Page MenuHomePhabricator

FRUEC: Debug minor discrepancy in landing page data between old and new pipelines
Open, Needs TriagePublic4 Story Points

Event Timeline

Restricted Application added a subscriber: Aklapper. · View Herald TranscriptOct 29 2019, 7:26 PM
AndyRussG claimed this task.Nov 4 2019, 7:49 AM
AndyRussG added a comment.EditedNov 4 2019, 8:03 AM

I've dug into this some more, improving filtering compared to what was done for T235284. I've got some more clarity about what the differences are, but it's still pretty ugly.

Here is the Jupyter notebook. (Starts out the same as the notebook for the above-mentioned bug. To view, click on "Download" and open in a browser.)

Also, here's an etherpad with some notes. I'll continue to update the notes there... also pasting what I have so far here.

tl;dr: In the new logs for the hour under study, out of 1079 events, 147 couldn't be matched to entries in the old logs. And in the old logs for the same hour, out of 1442 events, 515 couldn't be matched to entries in the new logs.

Known discrepancies in logs

  • Old logs are firehose of all HTTP requests to donate wiki.
  • Even some wiki page HTTP requests don't have corresponding events in the new piepline, for various reasons:
    • Some requests are from clients that don't run the JavaScript that generates the new log data. This includes bots, spiders, automated hacking scripts, and web-accelerating proxies.
    • Some wiki pages containing JS are background-loaded form landing pages. These are viewed using the action=raw URL parameter, and do not cause the new-event-generating JS to run.
    • The JS resources with the code to generate the new events may not load, for example, due to network issues, or the user reloading the page or navigating away before the JS loads and runs.
  • On titles with a trailing /en (such as "ThankYou/en"), the URL is re-written without the trailing "/en" on the client, causing the old and new logs to have different landingpage strings.

Known discrepancies in ingress scripts

  • Old script only ingresses Special:LandingPage titles and a few unused titles. We can adapt FRUEC to do the same, or just filter on those when we do data comparisons via database queries.
  • Old script only ingresses requests that use the ugly URL format (title=...), while the new pipeline takes events from both Mediawiki URL formats. Not yet clear if this will cause issues in the actual data users will wish to query. Could also just be an unfortunate limitation of the old script.

Clues, mysteries and other notes

  • In the new logs for the hour under study, out of 1079 events, 147 couldn't be matched to entries in the old logs.
    • Unmatched entries in the new logs are mostly from Thank_You pages visited from France with from iPhone or iPad.
    • Possible explanations for unmatched new log entries:
      • Someone hitting the EventLogging URL directly; seems unlikely, since it's from a lot of different IP addresses.
      • Incorrect code for matching entries in the Jupyter notebook.
      • Kafkatee problem that removes some entries on the old pipeline.
      • Different IPs sometimes shown in old vs. new pipelines, which would also cause corresponding entries not to match in the Jupyter notebook.
      • Some other issue or difference in processing on the Anaytics cluster.
  • In the old logs for the hour under study, out of 1442 events, 515 couldn't be matched to entries in the new logs.
AndyRussG added a comment.EditedNov 4 2019, 5:56 PM

Trying different options for better matching... Just a small improvement by allowing new log timestamps that are closest to the new old log ones, that is, removing the requirement that the new log event be after the old log one.

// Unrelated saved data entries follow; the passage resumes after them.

(* Let $\bm X\in\mathbb{IR}^n$ and let $(g^{\rm u},g^{\rm o})_{\bm X}$ be a superposition relaxation of $g:\bm X\to\mathbb{R}$ on $\bm X$ with continuous summands $g^{\rm u}_i,g^{\rm o}_i:X_i\to\mathbb{R}$. Let $\mathcal P^{\rm u}=\{i:\operatorname{wid}(g^{\rm u}_i(X_i))>0\}$ and $\mathcal P^{\rm o}=\{i:\operatorname{wid}(g^{\rm o}_i(X_i))>0\}$, and assume both are nonempty. Let $\varphi:Z\to\mathbb{R}$ be defined on an interval $Z\supseteq[\underline g^{\rm u}(\bm X),\overline g^{\rm o}(\bm X)]$, convex and monotonic. Set $\theta^{\rm u}_i=\operatorname{wid}(g^{\rm u}_i(X_i))/\operatorname{wid}(g^{\rm u}(\bm X))$ and $\theta^{\rm o}_i=\operatorname{wid}(g^{\rm o}_i(X_i))/\operatorname{wid}(g^{\rm o}(\bm X))$. Then a superposition relaxation $(f^{\rm u},f^{\rm o})_{\bm X}$ of $f=\varphi\circ g$ on $\bm X$ is given by the following summands (all summands not listed being identically zero): • if $\varphi$ is nondecreasing: $f^{\rm u}_i(x_i)=\varphi\big(g^{\rm u}_i(x_i)-\underline g^{\rm u}_i(X_i)+\underline g^{\rm u}(\bm X)\big)-(1-\theta^{\rm u}_i)\varphi\big(\underline g^{\rm u}(\bm X)\big)$ for $i\in\mathcal P^{\rm u}$, and $f^{\rm o}_i(x_i)=\theta^{\rm o}_i\varphi\Big(\frac{g^{\rm o}_i(x_i)-\overline g^{\rm o}_i(X_i)}{\theta^{\rm o}_i}+\overline g^{\rm o}(\bm X)\Big)$ for $i\in\mathcal P^{\rm o}$; • if $\varphi$ is nonincreasing: $f^{\rm u}_i(x_i)=\varphi\big(g^{\rm o}_i(x_i)-\overline g^{\rm o}_i(X_i)+\overline g^{\rm o}(\bm X)\big)-(1-\theta^{\rm o}_i)\varphi\big(\overline g^{\rm o}(\bm X)\big)$ for $i\in\mathcal P^{\rm o}$, and $f^{\rm o}_i(x_i)=\theta^{\rm u}_i\varphi\Big(\frac{g^{\rm u}_i(x_i)-\underline g^{\rm u}_i(X_i)}{\theta^{\rm u}_i}+\underline g^{\rm u}(\bm X)\Big)$ for $i\in\mathcal P^{\rm u}$.
   Context: $\mathbb{IR}^n$ is the set of boxes $\bm X=X_1\times\cdots\times X_n$ of compact intervals $X_i$. A superposition relaxation of $g:\bm X\to\mathbb{R}$ on $\bm X$, written $(g^{\rm u},g^{\rm o})_{\bm X}$, is a pair of separable functions $g^{\rm u}(\bm x)=\sum_i g^{\rm u}_i(x_i)$, $g^{\rm o}(\bm x)=\sum_i g^{\rm o}_i(x_i)$ with $g^{\rm u}_i,g^{\rm o}_i:X_i\to\mathbb{R}$ and $g^{\rm u}\le g\le g^{\rm o}$ on $\bm X$. Notation: $\underline g^{\rm u}_i(X_i)=\min_{x_i\in X_i}g^{\rm u}_i(x_i)$, $\overline g^{\rm u}_i(X_i)=\max_{x_i\in X_i}g^{\rm u}_i(x_i)$, $\operatorname{wid}(g^{\rm u}_i(X_i))=\overline g^{\rm u}_i(X_i)-\underline g^{\rm u}_i(X_i)$ (similarly for $g^{\rm o}_i$); $\underline g^{\rm u}(\bm X)=\sum_i\underline g^{\rm u}_i(X_i)$, $\overline g^{\rm u}(\bm X)=\sum_i\overline g^{\rm u}_i(X_i)$, $\operatorname{wid}(g^{\rm u}(\bm X))=\overline g^{\rm u}(\bm X)-\underline g^{\rm u}(\bm X)$, and likewise for $g^{\rm o}$. *)

theory Defs
  imports "HOL-Analysis.Analysis"
begin

definition box :: "nat \<Rightarrow> (nat \<Rightarrow> real) \<Rightarrow> (nat \<Rightarrow> real) \<Rightarrow> (nat \<Rightarrow> real) set" where
  "box n lo hi = PiE {..<n} (\<lambda>i. {lo i..hi i})"

definition superposition_relaxation ::
  "nat \<Rightarrow> (nat \<Rightarrow> real) \<Rightarrow> (nat \<Rightarrow> real) \<Rightarrow> ((nat \<Rightarrow> real) \<Rightarrow> real)
   \<Rightarrow> (nat \<Rightarrow> real \<Rightarrow> real) \<Rightarrow> (nat \<Rightarrow> real \<Rightarrow> real) \<Rightarrow> bool" where
  "superposition_relaxation n lo hi h hu ho \<longleftrightarrow>
     (\<forall>x\<in>box n lo hi. (\<Sum>i<n. hu i (x i)) \<le> h x \<and> h x \<le> (\<Sum>i<n. ho i (x i)))"
lemma path_length_blocks_le:
  assumes "0 < k" "fillers k \<subseteq> x"
  shows "path_length (dnf_tree (block_lists k)) x \<le> 2 * k"
proof -
  have "path_length (dnf_tree (block_lists k)) x \<le> length (block_lists k) + k"
  proof (rule path_length_dnf_tree_tails_le)
    fix vs assume "vs \<in> set (block_lists k)"
    then obtain j where j: "j < k" "vs = [j*k..<j*k+k]" unfolding block_lists_def by auto
    then have "set (tl vs) = block k j - {j*k}" by (auto simp: block_def)
    then show "vs \<noteq> [] \<and> length vs \<le> k \<and> set (tl vs) \<subseteq> x"
      using j assms block_minus_head_subset_fillers[OF assms(1) j(1)] by auto
  qed
  then show ?thesis by (simp add: block_lists_def)
qed

lemma OPT_A_blocks_le:
  assumes "2 \<le> k"
  shows "OPT_A (k*k) (dnf_eval (blocks k)) (\<lambda>_. 1) (block_prob k) \<le> 2 * real k + 1"
proof -
  let ?f = "dnf_eval (blocks k)" and ?t = "dnf_tree (block_lists k)"
  have k: "0 < k" using assms by simp
  have "valid_tree (k*k) ?f ?t"
  proof (rule valid_dnf_tree)
    show "\<forall>vs\<in>set (block_lists k). \<forall>v\<in>set vs. v < k*k"
      using block_subset by (fastforce simp: block_lists_def block_def)
  qed (simp add: blocks_def block_lists_def block_def image_image atLeast0LessThan)
  then have "OPT_A (k*k) ?f (\<lambda>_. 1) (block_prob k) \<le> exp_cost_tree (k*k) ?f (\<lambda>_. 1) (block_prob k) ?t"
    using block_prob_unit_interval[OF assms] by (intro OPT_A_le_exp_cost_tree) auto
  also have "\<dots> \<le> 2 * real k + real (k*k) * (1 - (\<Prod>i\<in>fillers k. block_prob k i))"
  proof (rule exp_cost_tree_le)
    fix x
    have "path_length ?t x \<le> k*k"
      using path_length_dnf_tree_le[of "block_lists k" x]
      by (simp add: block_lists_def comp_def sum_list_triv)
    then show "tree_cost (\<lambda>_. 1) (k*k) ?f ?t {} x \<le> real (k*k)"
      using tree_cost_le_path_length[of "k*k" ?f ?t "{}" x] by linarith
    assume "fillers k \<subseteq> x"
    then show "tree_cost (\<lambda>_. 1) (k*k) ?f ?t {} x \<le> 2 * real k"
      using tree_cost_le_path_length[of "k*k" ?f ?t "{}" x] path_length_blocks_le[OF k]
      by (metis of_nat_le_iff order_trans of_nat_mult of_nat_numeral)
  qed (use block_prob_unit_interval[OF assms] in \<open>auto simp: fillers_def\<close>)
  also have "\<dots> \<le> 2 * real k + real (k*k) * (1 / real (k*k))"
    using prod_fillers_ge[OF assms] by (intro add_left_mono mult_left_mono) auto
  finally show ?thesis using k by simp
qed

With this method, we get 136 unmatched events in new log, and 510 in the old one.

However, the numbers go up to 144 and 516 if we limit the time difference to 2 minutes maximum.

Matching on landing page, country, language, and other event fields, with old log timestamps always earlier than the new log timestamps, by at most 30 seconds, we get:

Unmatched in new log: 58
Unmatched in old log: 427

Here's a summary of the situation regarding discrepancies between the new and old pipelines for Landing Pages (includes also measures obtained in T235284).

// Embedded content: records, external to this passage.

lemma equipart_weights_limit:
  assumes x: "x \<in> conf_space n" and K: "convex_body K"
    and Y: "\<And>j. j < n \<Longrightarrow> (\<lambda>k. Y k j) \<longlonglongrightarrow> x j"
    and V: "\<And>j. j < n \<Longrightarrow> (\<lambda>k. V k j) \<longlonglongrightarrow> v j" "\<And>j. n \<le> j \<Longrightarrow> v j = 0"
    and L: "\<And>k. convex_body (L k)" and H: "(\<lambda>k. hausdist K (L k)) \<longlonglongrightarrow> 0"
    and E: "\<And>k. equipart_weights \<mu> n (L k) (Y k) (V k)"
  shows "equipart_weights \<mu> n K x v"
proof -
  have lim: "(\<lambda>k. measure \<mu> (L k \<inter> power_cell n (Y k) (V k) i)) \<longlonglongrightarrow> measure \<mu> (K \<inter> power_cell n x v i)"
    if "i < n" for i
    using x K that Y V(1) L H by (rule tendsto_measure_cell)
  have meq: "measure \<mu> (K \<inter> power_cell n x v j) = measure \<mu> (K \<inter> power_cell n x v i)"
    if "i < n" "j < n" for i j
  proof -
    have "measure \<mu> (L k \<inter> power_cell n (Y k) (V k) i) = measure \<mu> (L k \<inter> power_cell n (Y k) (V k) j)" for k
      using E[of k] that unfolding equipart_weights_def by blast
    then have "(\<lambda>k. measure \<mu> (L k \<inter> power_cell n (Y k) (V k) j)) \<longlonglongrightarrow> measure \<mu> (K \<inter> power_cell n x v i)"
      using lim[OF that(1)] by simp
    then show ?thesis
      using LIMSEQ_unique lim[OF that(2)] by blast
  qed
  have "(\<Sum>j<n. V k j) = 0" for k
    using E[of k] unfolding equipart_weights_def weight_space_def by blast
  then have "(\<lambda>k. 0) \<longlonglongrightarrow> (\<Sum>j<n. v j)"
    using V(1) tendsto_sum[of "{..<n}" "\<lambda>j k. V k j" v sequentially] by simp
  then have "0 = (\<Sum>j<n. v j)"
    by (rule LIMSEQ_unique[OF tendsto_const])
  then have "v \<in> weight_space n"
    using V(2) by (simp add: weight_space_def)
  moreover have "convex_body (K \<inter> power_cell n x v i)" if "i < n" for i
    using K that meq[OF that] by (rule convex_body_cell_if_equal_measures)
  ultimately show ?thesis
    unfolding equipart_weights_def using meq by metis
qed

lemma eq_weights_locally_bounded:
  assumes "convex_body K"
  obtains M where "\<And>y L j. y \<in> conf_space n \<Longrightarrow> convex_body L \<Longrightarrow> \<forall>i<n. dist (x i) (y i) < 1 \<Longrightarrow>
    hausdist K L < 1 \<Longrightarrow> j < n \<Longrightarrow> \<bar>eq_weights \<mu> n L y j\<bar> \<le> M"
proof -
  obtain R where R: "\<And>p. p \<in> K \<Longrightarrow> norm p \<le> R"
    using convex_bodyD(4)[OF assms] unfolding bounded_iff by blast
  define X where "X = (\<Sum>i<n. norm (x i))"
  show thesis
  proof (rule that)
    fix y L j assume y: "y \<in> conf_space n" and L: "convex_body L"
      and close: "\<forall>i<n. dist (x i) (y i) < 1" "hausdist K L < 1" and "j < n"
    have E: "equipart_weights \<mu> n L y (eq_weights \<mu> n L y)"
      by (rule equipart_eq_weights[OF L y])
    show "\<bar>eq_weights \<mu> n L y j\<bar> \<le> (R + 1 + (X + 1))\<^sup>2"
    proof (rule abs_weight_le[OF _ _ _ _ \<open>j < n\<close>])
      show "eq_weights \<mu> n L y \<in> weight_space n"
        using E unfolding equipart_weights_def by blast
      show "L \<inter> power_cell n y (eq_weights \<mu> n L y) i \<noteq> {}" if "i < n" for i
        using E that convex_bodyD(3) unfolding equipart_weights_def by blast
      show "norm p \<le> R + 1" if pL: "p \<in> L" for p
      proof -
        obtain q where "q \<in> K" "dist p q < 1"
          by (rule exists_dist_lt_hausdist[of L K p 1])
            (use convex_bodyD[OF L] convex_bodyD[OF assms] close(2) pL in \<open>auto simp: hausdist_commute\<close>)
        then show ?thesis
          using R norm_triangle_ineq2[of p q] by (fastforce simp: dist_norm)
      qed
      show "norm (y i) \<le> X + 1" if "i < n" for i
      proof -
        have "norm (x i) \<le> X" unfolding X_def using that by (intro member_le_sum) auto
        then show ?thesis
          using close(1) that norm_triangle_ineq2[of "y i" "x i"] by (fastforce simp: dist_norm norm_minus_commute)
      qed
    qed
  qed
qed

lemma eq_weights_subseq_tendsto:
  assumes x: "x \<in> conf_space n" and K: "convex_body K"
    and Y: "\<And>k. Y k \<in> conf_space n" "\<And>j. j < n \<Longrightarrow> (\<lambda>k. Y k j) \<longlonglongrightarrow> x j"
    and L: "\<And>k. convex_body (L k)" "(\<lambda>k. hausdist K (L k)) \<longlonglongrightarrow> 0"
    and bound: "\<And>k j. j < n \<Longrightarrow> \<bar>eq_weights \<mu> n (L k) (Y k) j\<bar> \<le> M"
  obtains r where "strict_mono r"
    "\<And>j. j < n \<Longrightarrow> (\<lambda>k. eq_weights \<mu> n (L (r k)) (Y (r k)) j) \<longlonglongrightarrow> eq_weights \<mu> n K x j"
proof -
  define V where "V k = eq_weights \<mu> n (L k) (Y k)" for k
  have "\<bar>V k j\<bar> \<le> M" if "j < n" for k j
    unfolding V_def using bound that .
  then obtain r l where r: "strict_mono r" and l: "\<And>j. j < n \<Longrightarrow> (\<lambda>k. V (r k) j) \<longlonglongrightarrow> l j"
    using bounded_seq_convergent_subseq[of n V M thesis] by blast
  define v where "v j = (if j < n then l j else 0)" for j
  have "equipart_weights \<mu> n K x v"
  proof (rule equipart_weights_limit[OF x K])
    show "(\<lambda>k. Y (r k) j) \<longlonglongrightarrow> x j" if "j < n" for j
      using LIMSEQ_subseq_LIMSEQ[OF Y(2)[OF that] r] by (simp add: comp_def)
    show "(\<lambda>k. hausdist K (L (r k))) \<longlonglongrightarrow> 0"
      using LIMSEQ_subseq_LIMSEQ[OF L(2) r] by (simp add: comp_def)
    show "(\<lambda>k. V (r k) j) \<longlonglongrightarrow> v j" if "j < n" for j
      using l[OF that] that by (simp add: v_def)
    show "equipart_weights \<mu> n (L (r k)) (Y (r k)) (V (r k))" for k
      unfolding V_def by (rule equipart_eq_weights[OF L(1) Y(1)])
  qed (use L(1) v_def in auto)
  then have "eq_weights \<mu> n K x = v"
    by (rule eq_weights_eqI[OF K x])
  then have "eq_weights \<mu> n K x j = l j" if "j < n" for j
    using that by (simp add: v_def)
  then show thesis
    using l by (intro that[OF r]) (simp add: V_def)
qed

lemma tendsto_eq_weights:
  assumes x: "x \<in> conf_space n" and K: "convex_body K" and "j < n"
  shows "((\<lambda>z. eq_weights \<mu> n (snd z) (fst z) j) \<longlongrightarrow> eq_weights \<mu> n K x j) (config_nhds n x K)"
proof (rule tendstoI, rule ccontr)
  fix e :: real
  assume "0 < e" and not_eventually:
    "\<not> eventually (\<lambda>z. dist (eq_weights \<mu> n (snd z) (fst z) j) (eq_weights \<mu> n K x j) < e) (config_nhds n x K)"
  obtain Y L where YL: "\<And>k. Y k \<in> conf_space n" "\<And>k. convex_body (L k)"
    "\<And>k. \<not> dist (eq_weights \<mu> n (L k) (Y k) j) (eq_weights \<mu> n K x j) < e"
    "\<And>k i. i < n \<Longrightarrow> dist (x i) (Y k i) < inverse (Suc k)" "\<And>k. hausdist K (L k) < inverse (Suc k)"
    "\<And>i. i < n \<Longrightarrow> (\<lambda>k. Y k i) \<longlonglongrightarrow> x i" "(\<lambda>k. hausdist K (L k)) \<longlonglongrightarrow> 0"
    by (rule config_nhds_counterexample_seq[OF K not_eventually]) auto
  obtain M where M: "\<And>y L i. y \<in> conf_space n \<Longrightarrow> convex_body L \<Longrightarrow> \<forall>i<n. dist (x i) (y i) < 1 \<Longrightarrow>
      hausdist K L < 1 \<Longrightarrow> i < n \<Longrightarrow> \<bar>eq_weights \<mu> n L y i\<bar> \<le> M"
    using eq_weights_locally_bounded[where x = x, OF K] by blast
  have inv_le: "inverse (real (Suc k)) \<le> 1" for k
    by (simp add: inverse_le_1_iff)
  have bound: "\<bar>eq_weights \<mu> n (L k) (Y k) i\<bar> \<le> M" if "i < n" for k i
  proof (rule M[OF YL(1,2) _ _ that])
    show "\<forall>i<n. dist (x i) (Y k i) < 1" using YL(4) inv_le[of k] by (auto intro: order.strict_trans2)
    show "hausdist K (L k) < 1" using YL(5) inv_le[of k] by (auto intro: order.strict_trans2)
  qed
  obtain r where "(\<lambda>k. eq_weights \<mu> n (L (r k)) (Y (r k)) j) \<longlonglongrightarrow> eq_weights \<mu> n K x j"
    using eq_weights_subseq_tendsto[OF x K YL(1,6,2,7) bound, of thesis] \<open>j < n\<close> by blast
  then have "eventually (\<lambda>k. dist (eq_weights \<mu> n (L (r k)) (Y (r k)) j) (eq_weights \<mu> n K x j) < e) sequentially"
    using \<open>0 < e\<close> by (rule tendstoD)
  then obtain k where "dist (eq_weights \<mu> n (L (r k)) (Y (r k)) j) (eq_weights \<mu> n K x j) < e"
    unfolding eventually_sequentially by blast
  with YL(3) show False by blast
qed

lemma eventually_power_diff_eq_weights_close:
  assumes "x \<in> conf_space n" "convex_body K" "0 < e"
  shows "eventually (\<lambda>z. \<forall>i<n. \<forall>j<n. \<forall>p. norm p \<le> R \<longrightarrow>
    \<bar>power_diff (fst z) (eq_weights \<mu> n (snd z) (fst z)) i j p - power_diff x (eq_weights \<mu> n K x) i j p\<bar> < e)
    (config_nhds n x K)"
  using assms by (intro eventually_power_diff_close tendsto_config_nhds_point tendsto_eq_weights)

  • The discrepancies appear from the start of the pipelines, and are related to the different ways events are generated (old events are from server logs, and new events are generated client-side using EventLogging).
  • There are many more events in the old logs, due to hacking attempts, bots, web-accelerating proxies and network and browser issues that prevent JS from running.
  • Some events in the logs for the new pipeline don't have matching events in the old logs. While it's not many--much less than the number of extra events in the old logs--I don't have a convincing explanation for this.
  • FRUEC correctly ingresses into the database all the events it processes, with just a few exceptions (see T237997 and T238023). With a couple minor fixes in place, no discrepancies should be due to FRUEC issues.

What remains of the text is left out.